[INTERNAL USE]
Supermicro provided this file to diagnose HGX H100 GPU issues. Related to ZD-6179 / SMC CRM Case: SM2310022368.
Tool File Name: 629-24287-XXXX-FLD-38780.tgz
Download Location: scp root@172.25.10.35:/root/629-24287-XXXX-FLD-38780.tgz .
The reported issue related to 4x NVSwitch used by 8x H100 GPU. The problem was that only 3 of 4 NVSwitches was recognized. Due to this problem Fabric Manager Service was unable to run.

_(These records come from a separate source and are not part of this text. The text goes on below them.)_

(* Let $A\in\mathcal A_n$ and $i<j$, $k<l$ in $[n]$. If $R_{ij}^{kl}\in E(A)$, then $\widetilde A+\widetilde R_{ij}^{kl}$ is the corner sum matrix of a (unique) ASM in $\mathcal A_n$; if $R_{ij}^{kl}\in E^*(A)$, then $\widetilde A-\widetilde R_{ij}^{kl}$ is the corner sum matrix of a (unique) ASM in $\mathcal A_n$. Moreover the operator $r_{ij}^{kl}$ is an involution: $r_{ij}^{kl}(r_{ij}^{kl}(A))=A$ for all $A\in\mathcal A_n$.
   Context: An $n\times n$ matrix $A=(a_{ij})$ is an alternating sign matrix (ASM) if all $a_{ij}\in\{-1,0,1\}$, all partial row sums $\sum_{k\le j}a_{ik}$ and partial column sums $\sum_{k\le i}a_{kj}$ lie in $\{0,1\}$, and every full row sum and column sum equals $1$; $\mathcal A_n$ is the set of $n\times n$ ASMs. The corner sum matrix is $\widetilde A(i,j)=\sum_{p\le i,q\le j}a_{pq}$, with $\widetilde A(i,j)=0$ if $i=0$ or $j=0$. For $i<j$, $k<l$ in $[n]$, $R_{ij}^{kl}=\{(p,q): i\le p<j,\ k\le q<l\}$ and $\widetilde R_{ij}^{kl}$ is the $n\times n$ $0/1$ matrix with $1$ exactly at positions in $R_{ij}^{kl}$. $E(A)$ is the set of essential rectangles of $A$: those $R_{ij}^{kl}$ such that for all $(p,q)\in R_{ij}^{kl}$: $\widetilde A(p,k)=\widetilde A(p,k-1)$, $\widetilde A(p,l)=\widetilde A(p,l-1)+1$, $\widetilde A(i,q)=\widetilde A(i-1,q)$, $\widetilde A(j,q)=\widetilde A(j-1,q)+1$. $E^*(A)$ is the set of dual essential rectangles: those $R_{ij}^{kl}$ such that for all $(p,q)\in R_{ij}^{kl}$: $\widetilde A(p,k)=\widetilde A(p,k-1)+1$, $\widetilde A(p,l)=\widetilde A(p,l-1)$, $\widetilde A(i,q)=\widetilde A(i-1,q)+1$, $\widetilde A(j,q)=\widetilde A(j-1,q)$. The rectangular operator $r_{ij}^{kl}:\mathcal A_n\to\mathcal A_n$ sends $A$ to the ASM whose corner sum matrix is $\widetilde A+\widetilde R_{ij}^{kl}$ if $R_{ij}^{kl}\in E(A)$, $\widetilde A-\widetilde R_{ij}^{kl}$ if $R_{ij}^{kl}\in E^*(A)$, and $\widetilde A$ otherwise. *)

theory Defs
  imports Main
begin

text \<open>An n x n matrix is a function nat => nat => int, indexed by [n] = {1..n};
  entries outside [n] x [n] are required to be 0 so that a matrix is determined
  by its n x n block.\<close>

definition is_asm :: "nat \<Rightarrow> (nat \<Rightarrow> nat \<Rightarrow> int) \<Rightarrow> bool" where
  "is_asm n A \<longleftrightarrow>
     (\<forall>i j. (i \<notin> {1..n} \<or> j \<notin> {1..n}) \<longrightarrow> A i j = 0) \<and>
     (\<forall>i\<in>{1..n}. \<forall>j\<in>{1..n}. A i j \<in> {-1, 0, 1}) \<and>
     (\<forall>i\<in>{1..n}. \<forall>j\<in>{1..n}. (\<Sum>k\<in>{1..j}. A i k) \<in> {0, 1}) \<and>
     (\<forall>i\<in>{1..n}. \<forall>j\<in>{1..n}. (\<Sum>k\<in>{1..i}. A k j) \<in> {0, 1}) \<and>
     (\<forall>i\<in>{1..n}. (\<Sum>k\<in>{1..n}. A i k) = 1) \<and>
     (\<forall>j\<in>{1..n}. (\<Sum>k\<in>{1..n}. A k j) = 1)"

text \<open>Corner sum matrix; it is 0 when i = 0 or j = 0 (empty sums).\<close>
definition corner :: "(nat \<Rightarrow> nat \<Rightarrow> int) \<Rightarrow> nat \<Rightarrow> nat \<Rightarrow> int" where
  "corner A i j = (\<Sum>p\<in>{1..i}. \<Sum>q\<in>{1..j}. A p q)"

definition in_rect :: "nat \<Rightarrow> nat \<Rightarrow> nat \<Rightarrow> nat \<Rightarrow> nat \<Rightarrow> nat \<Rightarrow> bool" where
  "in_rect i j k l p q \<longleftrightarrow> i \<le> p \<and> p < j \<and> k \<le> q \<and> q < l"

definition rect_mat :: "nat \<Rightarrow> nat \<Rightarrow> nat \<Rightarrow> nat \<Rightarrow> nat \<Rightarrow> nat \<Rightarrow> int" where
  "rect_mat i j k l p q = (if in_rect i j k l p q then 1 else 0)"

definition essential :: "(nat \<Rightarrow> nat \<Rightarrow> int) \<Rightarrow> nat \<Rightarrow> nat \<Rightarrow> nat \<Rightarrow> nat \<Rightarrow> bool" where
  "essential A i j k l \<longleftrightarrow>
     (\<forall>p q. in_rect i j k l p q \<longrightarrow>
        corner A p k = corner A p (k - 1) \<and>
        corner A p l = corner A p (l - 1) + 1 \<and>
        corner A i q = corner A (i - 1) q \<and>
        corner A j q = corner A (j - 1) q + 1)"

definition dual_essential :: "(nat \<Rightarrow> nat \<Rightarrow> int) \<Rightarrow> nat \<Rightarrow> nat \<Rightarrow> nat \<Rightarrow> nat \<Rightarrow> bool" where
  "dual_essential A i j k l \<longleftrightarrow>
     (\<forall>p q. in_rect i j k l p q \<longrightarrow>
        corner A p k = corner A p (k - 1) + 1 \<and>
        corner A p l = corner A p (l - 1) \<and>
        corner A i q = corner A (i - 1) q + 1 \<and>
        corner A j q = corner A (j - 1) q)"

definition shifted_asm ::
  "nat \<Rightarrow> (nat \<Rightarrow> nat \<Rightarrow> int) \<Rightarrow> int \<Rightarrow> nat \<Rightarrow> nat \<Rightarrow> nat \<Rightarrow> nat \<Rightarrow> (nat \<Rightarrow> nat \<Rightarrow> int) \<Rightarrow> bool" where
  "shifted_asm n A s i j k l B \<longleftrightarrow> is_asm n B \<and>
     (\<forall>p\<in>{1..n}. \<forall>q\<in>{1..n}. corner B p q = corner A p q + s * rect_mat i j k l p q)"

definition rect_op :: "nat \<Rightarrow> nat \<Rightarrow> nat \<Rightarrow> nat \<Rightarrow> nat \<Rightarrow> (nat \<Rightarrow> nat \<Rightarrow> int) \<Rightarrow> (nat \<Rightarrow> nat \<Rightarrow> int)" where
  "rect_op n i j k l A =
     (if essential A i j k l then (THE B. shifted_asm n A 1 i j k l B)
      else if dual_essential A i j k l then (THE B. shifted_asm n A (-1) i j k l B)
      else A)"

end

theory Submission
  imports Defs
begin

text \<open>An integer matrix F on {0..n} x {0..n} vanishing on the zeroth row and column is the corner
  sum matrix of an ASM exactly when all its row and column steps lie in {0,1} and the steps into
  the last row and column are all 1. Adding s R_{ij}^{kl} (s = \<plusminus>1) changes steps only across the
  four edges of the rectangle, by \<plusminus>s; the (dual) essential conditions say precisely that these steps
  are 0 on one pair of edges and 1 on the other, so they stay in {0,1}. After the shift the two
  pairs of edges swap their values, so the rectangle becomes dual essential (resp. essential) for
  the new ASM, and the reverse shift returns A. Uniqueness holds because an ASM is recovered from
  its corner sum matrix by second differences.\<close>

definition is_corner_sum_matrix :: "nat \<Rightarrow> (nat \<Rightarrow> nat \<Rightarrow> int) \<Rightarrow> bool" where
  "is_corner_sum_matrix n F \<longleftrightarrow> (\<forall>q. F 0 q = 0) \<and> (\<forall>p. F p 0 = 0) \<and>
    (\<forall>p\<in>{1..n}. \<forall>q\<in>{1..n}. F p q - F (p-1) q \<in> {0,1} \<and> F p q - F p (q-1) \<in> {0,1}) \<and>
    (\<forall>p\<in>{1..n}. F p n - F (p-1) n = 1) \<and> (\<forall>q\<in>{1..n}. F n q - F n (q-1) = 1)"

lemma sum_diff_pred_telescope: "(\<Sum>x\<in>{1..m::nat}. f x - f (x - 1)) = f m - (f 0 :: int)"
  by (induction m) (auto simp: sum.cl_ivl_Suc)

lemma corner_zero [simp]: "corner A 0 q = 0" "corner A p 0 = 0"
  by (auto simp: corner_def)

lemma corner_row_step: "1 \<le> p \<Longrightarrow> corner A p q - corner A (p-1) q = (\<Sum>k\<in>{1..q}. A p k)"
  by (cases p) (simp_all add: corner_def sum.cl_ivl_Suc)

lemma corner_col_step: "1 \<le> q \<Longrightarrow> corner A p q - corner A p (q-1) = (\<Sum>k\<in>{1..p}. A k q)"
  by (cases q) (simp_all add: corner_def sum.cl_ivl_Suc sum.distrib)

lemma entry_eq_corner_second_difference:
  assumes "1 \<le> p" "1 \<le> q"
  shows "A p q = corner A p q - corner A (p-1) q - corner A p (q-1) + corner A (p-1) (q-1)"
  using assms corner_row_step[of p A q] corner_row_step[of p A "q-1"]
  by (cases q) (auto simp: sum.cl_ivl_Suc)

lemma is_corner_sum_matrix_corner:
  assumes "is_asm n A"
  shows "is_corner_sum_matrix n (corner A)"
  using assms corner_row_step[of _ A] corner_col_step[of _ A]
  unfolding is_corner_sum_matrix_def is_asm_def by auto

Unable to start Fabric Manager Service.
root@rdlab:/home/exx# systemctl enable nvidia-fabricmanager.service root@rdlab:/home/exx# systemctl start nvidia-fabricmanager.service Job for nvidia-fabricmanager.service failed because the control process exited with error code. See "systemctl status nvidia-fabricmanager.service" and "journalctl -xeu nvidia-fabricmanager.service" for details.
Checked status.
root@rdlab:/home/exx# systemctl status nvidia-fabricmanager.service × nvidia-fabricmanager.service - NVIDIA fabric manager service Loaded: loaded (/lib/systemd/system/nvidia-fabricmanager.service; enabled; vendor preset: enabled) Active: failed (Result: exit-code) since Fri 2023-09-29 15:18:28 PDT; 1min 41s ago Process: 16773 ExecStart=/usr/bin/nv-fabricmanager -c /usr/share/nvidia/nvswitch/fabricmanager.cfg (code=exited, status=1/FAILURE) CPU: 16ms Sep 29 15:18:27 rdlab systemd[1]: Starting NVIDIA fabric manager service... Sep 29 15:18:28 rdlab nv-fabricmanager[16775]: Connected to 1 node. Sep 29 15:18:28 rdlab nv-fabricmanager[16775]: detected number of NVSwitches don't match with any supported system topology, aborting fabric ma> Sep 29 15:18:28 rdlab nv-fabricmanager[16775]: detected number of NVSwitches don't match with any supported system topology, aborting fabric ma> Sep 29 15:18:28 rdlab systemd[1]: nvidia-fabricmanager.service: Control process exited, code=exited, status=1/FAILURE Sep 29 15:18:28 rdlab systemd[1]: nvidia-fabricmanager.service: Failed with result 'exit-code'. Sep 29 15:18:28 rdlab systemd[1]: Failed to start NVIDIA fabric manager service.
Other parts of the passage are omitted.